Add @jsonignore for getter method
and add @jsonProperty to the field like

@JsonProperty(access = Access.READ_ONLY)
private String password;

Recently added some feature to jackson like Readonly and writeonly
you can refer this:
http://fasterxml.github.io/jackson-annotations/javadoc/2.6/com/fasterxml/jackson/annotation/JsonProperty.Access.html

Upvotes: 1

Chris
Chris

Reputation: 999

I understand you do not want to include University.students in your JSON.

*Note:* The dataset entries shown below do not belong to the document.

lemma first_edge_iff_mcount:
  fixes xs :: "int list"
  assumes walk: "walk_path xs K"
  shows "Suc j \<le> K \<Longrightarrow> (\<forall>m\<le>Suc j. xs ! m \<in> {0, xs ! 1}) \<longleftrightarrow> mcount xs (Suc j) = Suc j"
proof (induction j)
  case 0
  have "xs ! 0 = 0" using walk by (simp add: walk_path_def)
  then show ?case by (auto simp: le_Suc_eq)
next
  case (Suc j)
  have step: "\<bar>xs ! Suc (Suc j) - xs ! Suc j\<bar> = 1" "\<bar>xs ! Suc j - xs ! j\<bar> = 1"
    using walk Suc.prems by (auto simp: walk_path_def)
  have "walk_path xs (Suc (Suc j))"
    using walk Suc.prems by (simp add: walk_path_def)
  then have mc: "mcount xs (Suc (Suc j)) =
                   (if xs ! Suc (Suc j) = xs ! j then Suc (mcount xs (Suc j)) else 1)"
    using mcount_Suc[of xs "Suc j"] by simp
  have IH: "(\<forall>m\<le>Suc j. xs ! m \<in> {0, xs ! 1}) \<longleftrightarrow> mcount xs (Suc j) = Suc j"
    using Suc by simp
  have split: "(\<forall>m\<le>Suc (Suc j). xs ! m \<in> {0, xs ! 1}) \<longleftrightarrow>
      (\<forall>m\<le>Suc j. xs ! m \<in> {0, xs ! 1}) \<and> xs ! Suc (Suc j) \<in> {0, xs ! 1}"
    by (auto simp: le_Suc_eq)
  show ?case
  proof (cases "\<forall>m\<le>Suc j. xs ! m \<in> {0, xs ! 1}")
    case True
    then have "{xs ! j, xs ! Suc j} = {0, xs ! 1}"
      using step(2) by (rule first_edge_endpoints)
    then have "xs ! Suc (Suc j) \<in> {0, xs ! 1} \<longleftrightarrow> xs ! Suc (Suc j) = xs ! j"
      using step(1) by auto
    then show ?thesis using True IH mc split by auto
  qed (use IH mc split in auto)
qed
lemma gain_ge:
  assumes T: "T \<in> TT"
  shows "exp (- a) * (1 + a) / 3 - ln 3 / 2 * exp (- a) *
           (if card (X \<inter> T) = 1 then \<Sum>v\<in>T - X. real (card (X \<inter> outer_nbrs v)) else 0) / 6
         \<le> gain T"
proof (cases "card (X \<inter> T) = 1")
  case True
  have "exp (- a) * (1 + a) - ln 3 / 2 * exp (- a) * real (card (X \<inter> outer_nbrs v)) \<le> avoid_prob T v"
    if "v \<in> T - X" for v
    using order_trans[OF exp_ge_tangent avoid_prob_ge[OF T]] that by (simp add: algebra_simps)
  then have "(\<Sum>v\<in>T - X. exp (- a) * (1 + a) - ln 3 / 2 * exp (- a) * real (card (X \<inter> outer_nbrs v)))
      \<le> (\<Sum>v\<in>T - X. avoid_prob T v)"
    by (rule sum_mono)
  then have "2 * (exp (- a) * (1 + a)) - ln 3 / 2 * exp (- a) * (\<Sum>v\<in>T - X. real (card (X \<inter> outer_nbrs v)))
      \<le> (\<Sum>v\<in>T - X. avoid_prob T v)"
    using card_Diff_X_single[OF T True] by (simp add: sum_subtractf sum_distrib_left)
  then show ?thesis
    unfolding gain_def by (simp only: True simp_thms if_True)
next
  case False
  have "exp (- a) * (1 + a) \<le> exp (- a) * exp a"
    by (intro mult_left_mono) auto
  then show ?thesis
    using False by (simp add: gain_def exp_minus)
qed

lemma outer_nbrs_sym: "u \<in> VT \<Longrightarrow> v \<in> VT \<Longrightarrow> u \<in> outer_nbrs v \<longleftrightarrow> v \<in> outer_nbrs u"
  unfolding outer_nbrs_def using sym VT_subset by blast

lemma sum_X_outer_nbrs_le:
  "2 * (\<Sum>v\<in>VT - X. card (X \<inter> outer_nbrs v)) \<le> (\<Sum>v\<in>VT. card (outer_nbrs v))"
proof -
  let ?N = "VT - X" and ?XT = "X \<inter> VT"
  have "(\<Sum>v\<in>?N. card (X \<inter> outer_nbrs v)) = (\<Sum>v\<in>?N. \<Sum>x\<in>?XT. of_bool (x \<in> outer_nbrs v))"
    using finite_X by (intro sum.cong) (auto simp: outer_nbrs_def intro: arg_cong[where f = card])
  also have "\<dots> = (\<Sum>x\<in>?XT. \<Sum>v\<in>?N. of_bool (v \<in> outer_nbrs x))"
    using outer_nbrs_sym by (subst sum.swap) (intro sum.cong; auto)
  also have "\<dots> \<le> (\<Sum>x\<in>?XT. card (outer_nbrs x))"
    using finite_VT finite_outer_nbrs by (intro sum_mono) (auto intro: card_mono)
  finally have "(\<Sum>v\<in>?N. card (X \<inter> outer_nbrs v)) \<le> (\<Sum>x\<in>?XT. card (outer_nbrs x))" .
  moreover have "(\<Sum>v\<in>?N. card (X \<inter> outer_nbrs v)) \<le> (\<Sum>v\<in>?N. card (outer_nbrs v))"
    using finite_outer_nbrs by (intro sum_mono card_mono) auto
  moreover have "(\<Sum>v\<in>?N. card (outer_nbrs v)) + (\<Sum>x\<in>?XT. card (outer_nbrs x)) = (\<Sum>v\<in>VT. card (outer_nbrs v))"
    using finite_VT by (subst sum.union_disjoint[symmetric]) (auto intro: sum.cong)
  ultimately show ?thesis by linarith
qed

  1. Remove @JsonIdentityInfo

    @MappedSuperclass
    //@JsonIdentityInfo(generator = ObjectIdGenerators.PropertyGenerator.class,property = "id" )
    public abstract class BaseEntity implements Serializable {
    
        @Id
        @GeneratedValue(strategy = GenerationType.IDENTITY)
        private long id;
        public long getId() {
            return id;
        }
    }
    
  2. Add @JsonIgnore to students to avoid circle

    public class University extends BaseEntity {
    
        private String uniName;
    
        @JsonIgnore
        @OneToMany(cascade = CascadeType.ALL, fetch = FetchType.EAGER,orphanRemoval = true)
        @JoinColumn(name = "university_id",foreignKey = @ForeignKey(name = "university_id"))
        private List<Student> students=new ArrayList<>();
        // setter an getter
    }
    

If you need University.students to be serialized in other contexts give http://www.baeldung.com/jackson-bidirectional-relationships-and-infinite-recursion a read. Other options to deal with bidirectional relationships are explained there.

Upvotes: 1

Hema
Hema

Reputation: 986

You can add this and check

University

public class University {

@Fetch(value = FetchMode.SELECT)
@OneToMany(cascade = CascadeType.ALL)
@JoinColumn(name = "university_id")
@JsonIgnore 
 private List<Student> students;

}

Student

public class Student{
@ManyToOne
@JoinColumn(name = "university_id", insertable = true, updatable = true, nullable = true)
private University university;
}

Upvotes: 1

Tharsan Sivakumar
Tharsan Sivakumar

Reputation: 6531

Can you add @JoinColumn to Student entity as well

@ManyToOne(fetch = FetchType.EAGER)  
@JoinColumn(name = student_id")

Also check your University entity class's foreign key.The foreign key should be from other entity right? @JoinColumn(name = "university_id",foreignKey = @ForeignKey(name = "student_id")) ??

Else alternatively you can use the "mappedBy" as well.

@JoinColumn(name = "university_id", mappedBy="university")
        private List<Student> students=new ArrayList<>();

Upvotes: 1

Sachin Gupta
Sachin Gupta

Reputation: 8368

Remove @JsonIdentityInfo from base class, this is causing university object to serialize only id.